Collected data

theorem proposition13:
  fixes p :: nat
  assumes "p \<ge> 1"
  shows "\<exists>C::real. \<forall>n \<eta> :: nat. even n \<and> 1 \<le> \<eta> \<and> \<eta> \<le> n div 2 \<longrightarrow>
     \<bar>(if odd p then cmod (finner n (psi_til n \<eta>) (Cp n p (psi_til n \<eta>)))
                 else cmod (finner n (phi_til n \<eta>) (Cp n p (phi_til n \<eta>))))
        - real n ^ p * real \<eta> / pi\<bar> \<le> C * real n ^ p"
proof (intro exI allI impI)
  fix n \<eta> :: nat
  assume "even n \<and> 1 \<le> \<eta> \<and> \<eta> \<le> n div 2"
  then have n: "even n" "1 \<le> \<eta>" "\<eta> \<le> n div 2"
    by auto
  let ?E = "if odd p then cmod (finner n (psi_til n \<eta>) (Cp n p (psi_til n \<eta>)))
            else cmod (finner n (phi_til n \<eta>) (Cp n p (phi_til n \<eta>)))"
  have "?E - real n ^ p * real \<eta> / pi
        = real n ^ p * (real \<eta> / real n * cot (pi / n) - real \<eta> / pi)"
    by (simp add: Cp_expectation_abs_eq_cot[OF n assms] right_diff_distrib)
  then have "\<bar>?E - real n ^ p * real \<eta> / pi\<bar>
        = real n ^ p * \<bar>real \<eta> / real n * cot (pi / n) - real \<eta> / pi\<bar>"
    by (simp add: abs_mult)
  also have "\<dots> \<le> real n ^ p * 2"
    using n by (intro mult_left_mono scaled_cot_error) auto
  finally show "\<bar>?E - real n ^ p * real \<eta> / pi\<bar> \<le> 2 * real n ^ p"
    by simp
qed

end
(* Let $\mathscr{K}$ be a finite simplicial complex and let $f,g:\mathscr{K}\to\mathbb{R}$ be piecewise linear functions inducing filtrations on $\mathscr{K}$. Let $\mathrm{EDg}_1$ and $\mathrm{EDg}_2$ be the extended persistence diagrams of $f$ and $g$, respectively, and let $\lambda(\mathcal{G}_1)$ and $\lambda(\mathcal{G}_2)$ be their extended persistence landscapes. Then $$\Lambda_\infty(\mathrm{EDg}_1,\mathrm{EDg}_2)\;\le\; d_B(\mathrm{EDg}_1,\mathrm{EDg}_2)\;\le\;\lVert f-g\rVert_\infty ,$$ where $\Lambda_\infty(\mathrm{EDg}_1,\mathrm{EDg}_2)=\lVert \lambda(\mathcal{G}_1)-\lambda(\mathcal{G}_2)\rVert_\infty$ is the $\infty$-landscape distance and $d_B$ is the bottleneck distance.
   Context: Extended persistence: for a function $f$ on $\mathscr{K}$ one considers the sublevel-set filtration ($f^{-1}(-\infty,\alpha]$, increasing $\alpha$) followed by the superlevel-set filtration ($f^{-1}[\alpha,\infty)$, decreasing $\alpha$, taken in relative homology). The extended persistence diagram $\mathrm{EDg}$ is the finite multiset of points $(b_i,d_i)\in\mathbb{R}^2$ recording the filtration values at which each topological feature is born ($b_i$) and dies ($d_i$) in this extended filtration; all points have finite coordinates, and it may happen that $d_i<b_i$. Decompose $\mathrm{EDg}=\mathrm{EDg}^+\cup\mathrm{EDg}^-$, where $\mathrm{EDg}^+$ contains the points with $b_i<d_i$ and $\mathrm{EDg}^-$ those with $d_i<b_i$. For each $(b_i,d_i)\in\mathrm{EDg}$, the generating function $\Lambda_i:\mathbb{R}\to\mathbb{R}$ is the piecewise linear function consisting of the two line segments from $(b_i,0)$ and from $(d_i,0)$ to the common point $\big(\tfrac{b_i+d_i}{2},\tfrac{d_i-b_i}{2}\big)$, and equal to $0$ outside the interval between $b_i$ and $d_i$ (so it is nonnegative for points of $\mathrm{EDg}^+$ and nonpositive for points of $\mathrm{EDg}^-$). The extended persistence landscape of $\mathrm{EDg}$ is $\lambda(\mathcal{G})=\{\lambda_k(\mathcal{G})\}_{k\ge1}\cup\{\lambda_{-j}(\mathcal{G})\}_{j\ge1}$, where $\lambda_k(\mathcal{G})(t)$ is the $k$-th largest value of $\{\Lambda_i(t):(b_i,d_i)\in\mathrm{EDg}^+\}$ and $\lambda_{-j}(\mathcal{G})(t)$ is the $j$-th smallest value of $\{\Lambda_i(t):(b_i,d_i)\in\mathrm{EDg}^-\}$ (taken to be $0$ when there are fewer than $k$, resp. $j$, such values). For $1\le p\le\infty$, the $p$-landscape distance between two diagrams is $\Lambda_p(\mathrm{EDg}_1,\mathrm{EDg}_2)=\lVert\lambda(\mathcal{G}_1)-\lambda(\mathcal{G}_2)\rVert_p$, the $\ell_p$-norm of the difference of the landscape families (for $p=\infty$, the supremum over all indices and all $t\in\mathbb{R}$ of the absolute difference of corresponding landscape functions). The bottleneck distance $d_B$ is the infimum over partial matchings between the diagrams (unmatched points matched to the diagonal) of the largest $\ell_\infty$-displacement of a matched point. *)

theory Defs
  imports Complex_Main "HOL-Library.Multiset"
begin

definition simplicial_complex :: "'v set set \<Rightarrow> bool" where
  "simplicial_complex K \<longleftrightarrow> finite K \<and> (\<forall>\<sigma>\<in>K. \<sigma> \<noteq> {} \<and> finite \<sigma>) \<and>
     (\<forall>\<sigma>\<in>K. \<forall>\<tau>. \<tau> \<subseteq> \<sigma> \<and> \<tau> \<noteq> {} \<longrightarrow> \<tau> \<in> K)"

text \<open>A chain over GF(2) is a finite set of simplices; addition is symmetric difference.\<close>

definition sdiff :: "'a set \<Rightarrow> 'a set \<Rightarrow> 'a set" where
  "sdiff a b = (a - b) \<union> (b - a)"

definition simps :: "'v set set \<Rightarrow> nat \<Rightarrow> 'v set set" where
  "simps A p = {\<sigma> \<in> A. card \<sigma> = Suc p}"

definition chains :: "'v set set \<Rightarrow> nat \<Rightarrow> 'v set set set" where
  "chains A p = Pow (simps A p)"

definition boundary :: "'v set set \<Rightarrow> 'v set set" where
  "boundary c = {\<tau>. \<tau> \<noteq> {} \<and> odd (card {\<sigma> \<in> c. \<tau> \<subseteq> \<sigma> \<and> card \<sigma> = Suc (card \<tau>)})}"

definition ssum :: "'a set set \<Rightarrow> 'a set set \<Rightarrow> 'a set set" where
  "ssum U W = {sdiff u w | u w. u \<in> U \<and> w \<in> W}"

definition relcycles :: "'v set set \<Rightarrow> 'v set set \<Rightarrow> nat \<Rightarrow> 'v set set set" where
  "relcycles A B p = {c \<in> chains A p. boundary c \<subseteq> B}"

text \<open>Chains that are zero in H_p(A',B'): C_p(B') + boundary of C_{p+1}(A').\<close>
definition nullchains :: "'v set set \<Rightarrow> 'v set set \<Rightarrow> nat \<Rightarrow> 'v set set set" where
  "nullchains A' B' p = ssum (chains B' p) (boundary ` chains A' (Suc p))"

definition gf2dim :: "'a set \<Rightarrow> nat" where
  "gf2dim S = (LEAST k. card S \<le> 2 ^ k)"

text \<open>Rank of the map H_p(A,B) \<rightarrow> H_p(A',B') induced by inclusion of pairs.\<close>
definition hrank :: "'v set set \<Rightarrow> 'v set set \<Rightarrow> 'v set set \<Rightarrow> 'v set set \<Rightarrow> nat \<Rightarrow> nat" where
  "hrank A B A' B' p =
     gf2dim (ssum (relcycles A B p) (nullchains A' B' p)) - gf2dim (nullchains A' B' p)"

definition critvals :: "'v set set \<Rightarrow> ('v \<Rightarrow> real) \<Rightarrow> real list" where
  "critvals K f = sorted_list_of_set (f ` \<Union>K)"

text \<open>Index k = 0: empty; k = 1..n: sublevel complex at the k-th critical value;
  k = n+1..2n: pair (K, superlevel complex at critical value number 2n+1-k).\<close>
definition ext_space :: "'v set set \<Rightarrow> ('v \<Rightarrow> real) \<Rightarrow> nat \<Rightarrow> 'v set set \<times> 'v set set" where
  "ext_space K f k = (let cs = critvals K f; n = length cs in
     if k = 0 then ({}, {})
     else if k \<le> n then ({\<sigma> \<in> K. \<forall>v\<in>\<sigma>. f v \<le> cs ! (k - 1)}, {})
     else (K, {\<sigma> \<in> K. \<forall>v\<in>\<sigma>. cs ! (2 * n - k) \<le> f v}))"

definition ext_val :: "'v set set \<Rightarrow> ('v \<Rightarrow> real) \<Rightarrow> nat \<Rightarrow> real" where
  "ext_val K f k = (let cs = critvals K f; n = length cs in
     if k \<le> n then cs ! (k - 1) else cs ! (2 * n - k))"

Task prompt – A bare number is the whole answer: how many lines in the entries contain "nullchains"?

Exercise answer – 3